::: EXTRACTED DATA

lemma limit_point_forth:
  assumes mc: "max_consistent (KL S) \<Gamma>" and D: "Delta \<subseteq> \<Gamma>"
    and mc': "max_consistent (KL S) \<Gamma>'" and D': "Delta \<subseteq> \<Gamma>'"
    and R: "\<forall>\<phi>. Box a \<phi> \<in> \<Gamma> \<longrightarrow> \<phi> \<in> \<Gamma>'"
  shows "snd (F i) a (limit_point \<Gamma> i) (limit_point \<Gamma>' i)"
proof -
  have h: "limit_point \<Gamma> i \<in> fst (F i)" "wvar i (limit_point \<Gamma> i) \<in> \<Gamma>"
    using limit_point_named[OF mc D] by auto
  let ?succs = "filter (snd (F i) a (limit_point \<Gamma> i)) (worlds i)"
  have "Imp (wvar i (limit_point \<Gamma> i)) (Box a (disj (map (wvar i) ?succs))) \<in> \<Gamma>"
    using D diagram_Delta[OF d_box[OF _ h(1), of i a]] by blast
  then have "disj (map (wvar i) ?succs) \<in> \<Gamma>'" using mcs_mp[OF mc] h R by blast
  then obtain p where "p \<in> set (map (wvar i) ?succs)" "p \<in> \<Gamma>'" using mcs_disj[OF mc'] by blast
  then obtain v where v: "v \<in> fst (F i)" "snd (F i) a (limit_point \<Gamma> i) v" "wvar i v \<in> \<Gamma>'"
    using set_worlds by auto
  then show ?thesis using limit_point_eq[OF mc' D' v(1) v(3)] by simp
qed

theorem canonical_valid_inverse_limit:
  assumes val: "\<forall>i. valid (F i) \<psi>" and can: "canonical \<psi>"
  shows "valid (inverse_limit F f) \<psi>"
proof -
  define W where "W = fst (canonical_frame (KL {\<psi>}))"
  define R where "R = snd (canonical_frame (KL {\<psi>}))"
  define G where "G = {\<Gamma>. max_consistent (KL {\<psi>}) \<Gamma> \<and> Delta \<subseteq> \<Gamma>}"
  have W: "W = {\<Gamma>. max_consistent (KL {\<psi>}) \<Gamma>}"
    and R: "R = (\<lambda>a \<Gamma> \<Delta>. \<forall>\<phi>. Box a \<phi> \<in> \<Gamma> \<longrightarrow> \<phi> \<in> \<Delta>)"
    unfolding W_def R_def canonical_frame_def by simp_all
  show ?thesis
  proof (rule valid_generated_bounded_image[where W = W and R = R and G = G and h = limit_point])
    show "valid (W, R) \<psi>" using can unfolding canonical_def W_def R_def by simp
    show "G \<subseteq> W" unfolding G_def W by blast
    show "v \<in> G" if "x \<in> G" "v \<in> W" "R a x v" for a x v
      using that Delta_Box unfolding G_def W R by blast
    show "limit_point x \<in> fst (inverse_limit F f)" if "x \<in> G" for x
      using that limit_point_in_limit unfolding G_def by blast
    show "snd (inverse_limit F f) a (limit_point x) (limit_point y)"
      if "x \<in> G" "y \<in> G" "R a x y" for a x y
      using that limit_point_forth unfolding G_def R inverse_limit_def by auto
    show "\<exists>u\<in>G. R a x u \<and> limit_point u = v"
      if x: "x \<in> G"
        and v: "v \<in> fst (inverse_limit F f)" "snd (inverse_limit F f) a (limit_point x) v"
      for a x v
    proof -
      have "\<forall>i. snd (F i) a (limit_point x i) (v i)" using v(2) unfolding inverse_limit_def by simp
      then obtain \<Gamma>' where "max_consistent (KL {\<psi>}) \<Gamma>'" "Delta \<subseteq> \<Gamma>'"
          "\<forall>\<phi>. Box a \<phi> \<in> x \<longrightarrow> \<phi> \<in> \<Gamma>'" "limit_point \<Gamma>' = v"
        using limit_point_back[of "{\<psi>}" x, OF _ _ v(1)] x unfolding G_def by blast
      then show ?thesis unfolding G_def R by blast
    qed
    show "\<exists>x\<in>G. limit_point x = y" if y: "y \<in> fst (inverse_limit F f)" for y
    proof -
      obtain \<Gamma> where "Delta \<union> point_names y UNIV \<subseteq> \<Gamma>" "max_consistent (KL {\<psi>}) \<Gamma>"
        using lindenbaum[OF point_consistent[OF val y]] by blast
      then show ?thesis
        using limit_point_eq[of "{\<psi>}" \<Gamma>, OF _ _ limit_in[OF y]] unfolding G_def by blast
    qed
  qed
qed

end

section \<open>Increasing chains of logics\<close>

lemma KL_chain_mono:
  fixes \<gamma> :: "nat \<Rightarrow> 'm fm"
  assumes chain: "\<And>i1 i2. i2 < i1 \<Longrightarrow> \<gamma> i2 \<in> KL {\<gamma> i1}" and "j \<le> k"
  shows "KL {\<gamma> j} \<subseteq> KL {\<gamma> k}"
proof -
  have "\<gamma> j \<in> KL {\<gamma> k}"
  proof (cases "j = k")
    case True then show ?thesis by (simp add: KL.hyp)
  next
    case False then show ?thesis using chain assms(2) by simp
  qed
  then have "{\<gamma> j} \<subseteq> KL {\<gamma> k}" by simp
  then show ?thesis using KL_mono by blast
qed

lemma KL_chain_Union:
  fixes \<gamma> :: "nat \<Rightarrow> 'm fm"
  assumes chain: "\<And>i1 i2. i2 < i1 \<Longrightarrow> \<gamma> i2 \<in> KL {\<gamma> i1}"
  shows "KL (range \<gamma>) \<subseteq> (\<Union>m. KL {\<gamma> m})"
proof
  fix \<phi> assume "\<phi> \<in> KL (range \<gamma>)"
  then obtain A where A: "finite A" "A \<subseteq> range \<gamma>" "\<phi> \<in> KL A" using KL_compact by blast
  then obtain I where I: "finite I" "A = \<gamma> ` I" by (meson finite_subset_image)
  define m where "m = Max (insert 0 I)"
  have "A \<subseteq> KL {\<gamma> m}"
  proof
    fix x assume "x \<in> A"
    then obtain i where i: "i \<in> I" "x = \<gamma> i" using I(2) by blast
    then have "i \<le> m" unfolding m_def using I(1) by simp
    then have "KL {\<gamma> i} \<subseteq> KL {\<gamma> m}" using KL_chain_mono[of \<gamma> i m] chain by blast
    then show "x \<in> KL {\<gamma> m}" using i(2) KL.hyp[of x "{x}"] by blast
  qed
  then have "\<phi> \<in> KL {\<gamma> m}" using A(3) KL_mono by blast
  then show "\<phi> \<in> (\<Union>m. KL {\<gamma> m})" by blast
qed

lemma KL_chain_finite:
  fixes \<gamma> :: "nat \<Rightarrow> 'm fm"
  assumes chain: "\<And>i1 i2. i2 < i1 \<Longrightarrow> \<gamma> i2 \<in> KL {\<gamma> i1}"
    and "finite B" "B \<subseteq> KL (range \<gamma>)"
  obtains m where "B \<subseteq> KL {\<gamma> m}"
proof -
  have "KL {\<gamma> i} \<subseteq> KL {\<gamma> j}" if "i \<le> j" for i j
    using KL_chain_mono[of \<gamma> i j] chain that by blast
  then have "mono (\<lambda>m. KL {\<gamma> m})" by (rule monoI)
  moreover have "B \<subseteq> (\<Union>m. KL {\<gamma> m})" using assms(3) KL_chain_Union[of \<gamma>] chain by blast
  ultimately obtain m where "B \<subseteq> KL {\<gamma> m}" using finite_subset_mono_Union assms(2) by blast
  then show thesis by (rule that)
qed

::::::

__WHAT YOU ARE ASKED TO DO__:
Each line of the records above, from the first through the one containing "then obtain p", is to be retyped exactly; no other line belongs.

__SOLUTION__:
lemma limit_point_forth:
  assumes mc: "max_consistent (KL S) \<Gamma>" and D: "Delta \<subseteq> \<Gamma>"
    and mc': "max_consistent (KL S) \<Gamma>'" and D': "Delta \<subseteq> \<Gamma>'"
    and R: "\<forall>\<phi>. Box a \<phi> \<in> \<Gamma> \<longrightarrow> \<phi> \<in> \<Gamma>'"
  shows "snd (F i) a (limit_point \<Gamma> i) (limit_point \<Gamma>' i)"
proof -
  have h: "limit_point \<Gamma> i \<in> fst (F i)" "wvar i (limit_point \<Gamma> i) \<in> \<Gamma>"
    using limit_point_named[OF mc D] by auto
  let ?succs = "filter (snd (F i) a (limit_point \<Gamma> i)) (worlds i)"
  have "Imp (wvar i (limit_point \<Gamma> i)) (Box a (disj (map (wvar i) ?succs))) \<in> \<Gamma>"
    using D diagram_Delta[OF d_box[OF _ h(1), of i a]] by blast
  then have "disj (map (wvar i) ?succs) \<in> \<Gamma>'" using mcs_mp[OF mc] h R by blast
  then obtain p where "p \<in> set (map (wvar i) ?succs)" "p \<in> \<Gamma>'" using mcs_disj[OF mc'] by blast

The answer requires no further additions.